Financial citizenship provided opportunities for white ethnic immigrants both to demonstrate their adherence to American norms and to reshape new and preexisting institutions to secure their economic and family goals. As I will discuss, tensions arising in the wake of the First World War enable a glimpse of how white immigrants stretched the possibilities of the U.S. Postal Savings System, launched barely a decade earlier with their assimilation in mind. In contrast to the Black women whose financial practices are the focus of Shennette Garrett-Scott’s book Banking on Freedom (2019), white immigrants were able to enact a racialized vision of “loyalty” through their patronage of the postal savings system. As Garrett-Scott notes, white immigrants could “gain access to and wrest benefits from U.S. capitalism in ways that Blacks simply could not.”Footnote 5 Immigrants’ financial practices—the ways in which they earned, saved, spent, borrowed, or sent money—had long been seen not as deliberate economic strategies but usually scrutinized as evidence that they were undermining the native-born “American standard of living.”Footnote 6 By this logic, immigrants’ adoption of new financial practices helped determine their suitability for incorporation into the American polity.

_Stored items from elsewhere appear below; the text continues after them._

(* For small \<epsilon> the eigenvalue \<lambda>\<^sub>1 of A_\<epsilon> is the bounded root of
   \<epsilon> \<lambda>\<^sup>2 - (\<epsilon> a11 + a22) \<lambda> + (a11 a22 - a12 a21) = 0, i.e. a fixed point of
   \<lambda> = a_tilde + \<epsilon> \<lambda> (\<lambda> - a11) / a22; substituting the fixed point into itself gives the
   expansion of b_hat with remainder \<epsilon>\<^sup>2 times a convergent function.
   Solving the 2x2 Lyapunov equation explicitly and eliminating \<lambda>\<^sub>2 and the determinant
   with the characteristic equation turns sigma2_hat into the quotient
   (a22\<^sup>2 sx\<^sup>2 + \<epsilon> a12\<^sup>2 sy\<^sup>2 - \<epsilon>\<^sup>2 sx\<^sup>2 \<lambda>\<^sub>1\<^sup>2) / (a22\<^sup>2 + 2 \<epsilon> a12 a21 + \<epsilon>\<^sup>2 (a11\<^sup>2 - 2 \<lambda>\<^sub>1\<^sup>2)),
   whose first-order expansion can be read off because the \<epsilon>\<^sup>2 parts stay bounded. *)

theory Submission
  imports Defs
begin

lemma bigoI_eventually_mult_tendsto:
  fixes f g h :: "'a \<Rightarrow> real"
  assumes "eventually (\<lambda>x. f x = g x * h x) F" and "(h \<longlongrightarrow> c) F"
  shows "f \<in> O[F](g)"
proof -
  have "h \<in> O[F](\<lambda>_. 1)"
    using assms(2) by (intro bigoI_tendsto[where c = c]) simp_all
  then have "(\<lambda>x. g x * h x) \<in> O[F](g)"
    by (intro landau_o.big_1_mult) simp_all
  then show ?thesis
    using landau_o.big.in_cong[OF assms(1)] by simp
qed

lemma second_order_expansion_divide:
  fixes r s :: "real \<Rightarrow> real" and a b c d :: real
  assumes r: "(r \<longlongrightarrow> r0) (at 0 within S)" and s: "(s \<longlongrightarrow> s0) (at 0 within S)"
    and c: "c \<noteq> 0"
  shows "(\<lambda>e. (a + b * e + e\<^sup>2 * r e) / (c + d * e + e\<^sup>2 * s e)
             - (a / c + (b * c - a * d) / c\<^sup>2 * e)) \<in> O[at 0 within S](\<lambda>e. e\<^sup>2)"
proof (rule bigoI_eventually_mult_tendsto)
  define q0 where "q0 = a / c"
  define q1 where "q1 = (b * c - a * d) / c\<^sup>2"
  define M where "M e = c + d * e + e\<^sup>2 * s e" for e
  have "(M \<longlongrightarrow> c + d * 0 + 0\<^sup>2 * s0) (at 0 within S)"
    unfolding M_def by (intro tendsto_intros s)
  then have M_lim: "(M \<longlongrightarrow> c) (at 0 within S)" by simp
  then have "eventually (\<lambda>e. M e \<noteq> 0) (at 0 within S)"
    using c by (rule tendsto_imp_eventually_ne)
  then show "eventually (\<lambda>e. (a + b * e + e\<^sup>2 * r e) / M e - (q0 + q1 * e)
                = e\<^sup>2 * ((r e - q0 * s e - q1 * (d + e * s e)) / M e)) (at 0 within S)"
  proof eventually_elim
    case (elim e)
    have "a + b * e + e\<^sup>2 * r e - (q0 + q1 * e) * M e = e\<^sup>2 * (r e - q0 * s e - q1 * (d + e * s e))"
      using c by (simp add: M_def q0_def q1_def field_simps power2_eq_square)
    with elim show ?case by (simp add: field_simps)
  qed
  show "((\<lambda>e. (r e - q0 * s e - q1 * (d + e * s e)) / M e)
          \<longlongrightarrow> (r0 - q0 * s0 - q1 * (d + 0 * s0)) / c) (at 0 within S)"
    by (intro tendsto_intros r s M_lim c)
qed

lemma lyap_2x2_iff:
  fixes a b c d q1 q2 :: real
  shows "lyap (vector [vector [a, b], vector [c, d]]) (vector [vector [q1, 0], vector [0, q2]]) S \<longleftrightarrow>
    2 * a * S$1$1 + b * (S$1$2 + S$2$1) = - q1 \<and> a * S$1$2 + b * S$2$2 + c * S$1$1 + d * S$1$2 = 0 \<and>
    c * S$1$1 + d * S$2$1 + a * S$2$1 + b * S$2$2 = 0 \<and> c * (S$1$2 + S$2$1) + 2 * d * S$2$2 = - q2"
  unfolding lyap_def vec_eq_iff forall_2 matrix_matrix_mult_def transpose_def sum_2
  by (simp add: algebra_simps)

lemma lyap_2x2_unique_solution:
  fixes a b c d q1 q2 :: real
  assumes trace: "a + d \<noteq> 0" and det: "a * d - b * c \<noteq> 0"
  defines "k \<equiv> 2 * (a + d) * (a * d - b * c)"
  shows "lyap (vector [vector [a, b], vector [c, d]]) (vector [vector [q1, 0], vector [0, q2]]) S \<longleftrightarrow>
    S = vector [vector [- ((a * d - b * c + d\<^sup>2) * q1 + b\<^sup>2 * q2) / k, (d * c * q1 + a * b * q2) / k],
                vector [(d * c * q1 + a * b * q2) / k, - ((a * d - b * c + a\<^sup>2) * q2 + c\<^sup>2 * q1) / k]]"
    (is "?lyap \<longleftrightarrow> S = ?S")
proof -
  have k: "k \<noteq> 0" using trace det by (simp add: k_def)
  show ?thesis
  proof
    assume ?lyap
    then have eqs: "2 * a * S$1$1 + b * (S$1$2 + S$2$1) = - q1"
      "a * S$1$2 + b * S$2$2 + c * S$1$1 + d * S$1$2 = 0"
      "c * S$1$1 + d * S$2$1 + a * S$2$1 + b * S$2$2 = 0"
      "c * (S$1$2 + S$2$1) + 2 * d * S$2$2 = - q2"
      by (simp_all add: lyap_2x2_iff)
    have "(a + d) * (S$1$2 - S$2$1) = 0" using eqs(2,3) by (simp add: algebra_simps)
    then have sym: "S$2$1 = S$1$2" using trace by simp
    have "k * S$1$1 = - ((a * d - b * c + d\<^sup>2) * q1 + b\<^sup>2 * q2)"
      "k * S$1$2 = d * c * q1 + a * b * q2"
      "k * S$2$2 = - ((a * d - b * c + a\<^sup>2) * q2 + c\<^sup>2 * q1)"
      using eqs sym unfolding k_def by algebra+
    with sym k show "S = ?S"
      unfolding vec_eq_iff forall_2 by (simp add: field_simps)
  next
    assume S: "S = ?S"
    show ?lyap
      unfolding S lyap_2x2_iff vector_2 using k
      by (simp add: field_simps) (simp add: k_def, intro conjI; algebra)
  qed
qed

lemma eventually_fast_slow_regime:
  fixes a11 a22 D :: real
  assumes "a22 < 0"
  shows "eventually (\<lambda>e. 0 < e \<and> e * a11 + a22 < 0 \<and> 4 * e * D < (e * a11 + a22)\<^sup>2) (at_right 0)"
proof -
  have "((\<lambda>e. e * a11 + a22) \<longlongrightarrow> 0 * a11 + a22) (at_right 0)"
    by (intro tendsto_intros)
  then have "eventually (\<lambda>e. e * a11 + a22 < 0) (at_right 0)"
    using assms by (intro order_tendstoD(2)) simp_all
  moreover have "((\<lambda>e. (e * a11 + a22)\<^sup>2 - 4 * e * D) \<longlongrightarrow> (0 * a11 + a22)\<^sup>2 - 4 * 0 * D) (at_right 0)"
    by (intro tendsto_intros)
  then have "eventually (\<lambda>e. 0 < (e * a11 + a22)\<^sup>2 - 4 * e * D) (at_right 0)"
    using assms by (intro order_tendstoD(1)) auto
  ultimately show ?thesis
    using eventually_at_right_less[of 0] by eventually_elim simp
qed

lemma eps_lambda1_eq:
  fixes a11 a12 a21 a22 e :: real
  assumes "e > 0" and "a22 \<noteq> 0"
  shows "e * lambda1 a11 a12 a21 a22 e
           = (e * a11 + a22 + sqrt ((e * a11 + a22)\<^sup>2 - 4 * e * (a11 * a22 - a12 * a21))) / 2"
proof -
  define dsc where "dsc = (e * a11 + a22)\<^sup>2 - 4 * e * (a11 * a22 - a12 * a21)"
  have "Delta_eps a11 a12 a21 a22 e = dsc / e\<^sup>2"
    using assms unfolding Delta_eps_def a_tilde_def dsc_def by (simp add: field_simps power2_eq_square)
  then have "sqrt (Delta_eps a11 a12 a21 a22 e) = sqrt dsc / e"
    using assms(1) by (simp add: real_sqrt_divide)
  with assms(1) show ?thesis
    unfolding lambda1_def dsc_def[symmetric] by (simp add: field_simps)
qed

lemma lambda1_characteristic_eq:
  fixes a11 a12 a21 a22 e :: real
  assumes "e > 0" and "a22 \<noteq> 0" and "4 * e * (a11 * a22 - a12 * a21) \<le> (e * a11 + a22)\<^sup>2"
  shows "e * (lambda1 a11 a12 a21 a22 e)\<^sup>2 - (e * a11 + a22) * lambda1 a11 a12 a21 a22 e
           + (a11 * a22 - a12 * a21) = 0"
proof -
  define s where "s = sqrt ((e * a11 + a22)\<^sup>2 - 4 * e * (a11 * a22 - a12 * a21))"
  have s2: "s\<^sup>2 = (e * a11 + a22)\<^sup>2 - 4 * e * (a11 * a22 - a12 * a21)"
    using assms(3) by (simp add: s_def)
  have "2 * (e * lambda1 a11 a12 a21 a22 e) = e * a11 + a22 + s"
    using eps_lambda1_eq[OF assms(1,2), of a11 a12 a21] unfolding s_def by simp
  with s2 have "e * (e * (lambda1 a11 a12 a21 a22 e)\<^sup>2 - (e * a11 + a22) * lambda1 a11 a12 a21 a22 e
           + (a11 * a22 - a12 * a21)) = 0"
    by algebra
  with assms(1) show ?thesis by simp
qed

Studies of this era have often emphasized migrants’ actions in the workplace rather than their role as financial actors. Yet immigrants’ use of financial knowledge—particularly their sharing of techniques for scrimping on money to save in the present and consume in the future—was not only, of course, critical to workers’ survival strategies but also an important component of mainstream nativist critiques. While it was occasionally acknowledged that traditional financial institutions were unwelcoming to laborers, immigrants’ reluctance to patronize them was seen as particularly egregious. One persistent trope used to stigmatize immigrants’ undesirable financial habits was the “hoard”: money immigrants had earned but kept out of the formal financial system by keeping it on their persons, or in hiding places. The hoard was tainted money because immigrants accumulated it through “rigid and unhealthy” saving practices, a congressional report argued, such as living in “miserable sheds” and eating “unwholesome and revolting” food.Footnote 7 As the fruit of such habits, immigrants’ money came to be seen as suspicious and subversive, and their avoidance of traditional banks as suspicious.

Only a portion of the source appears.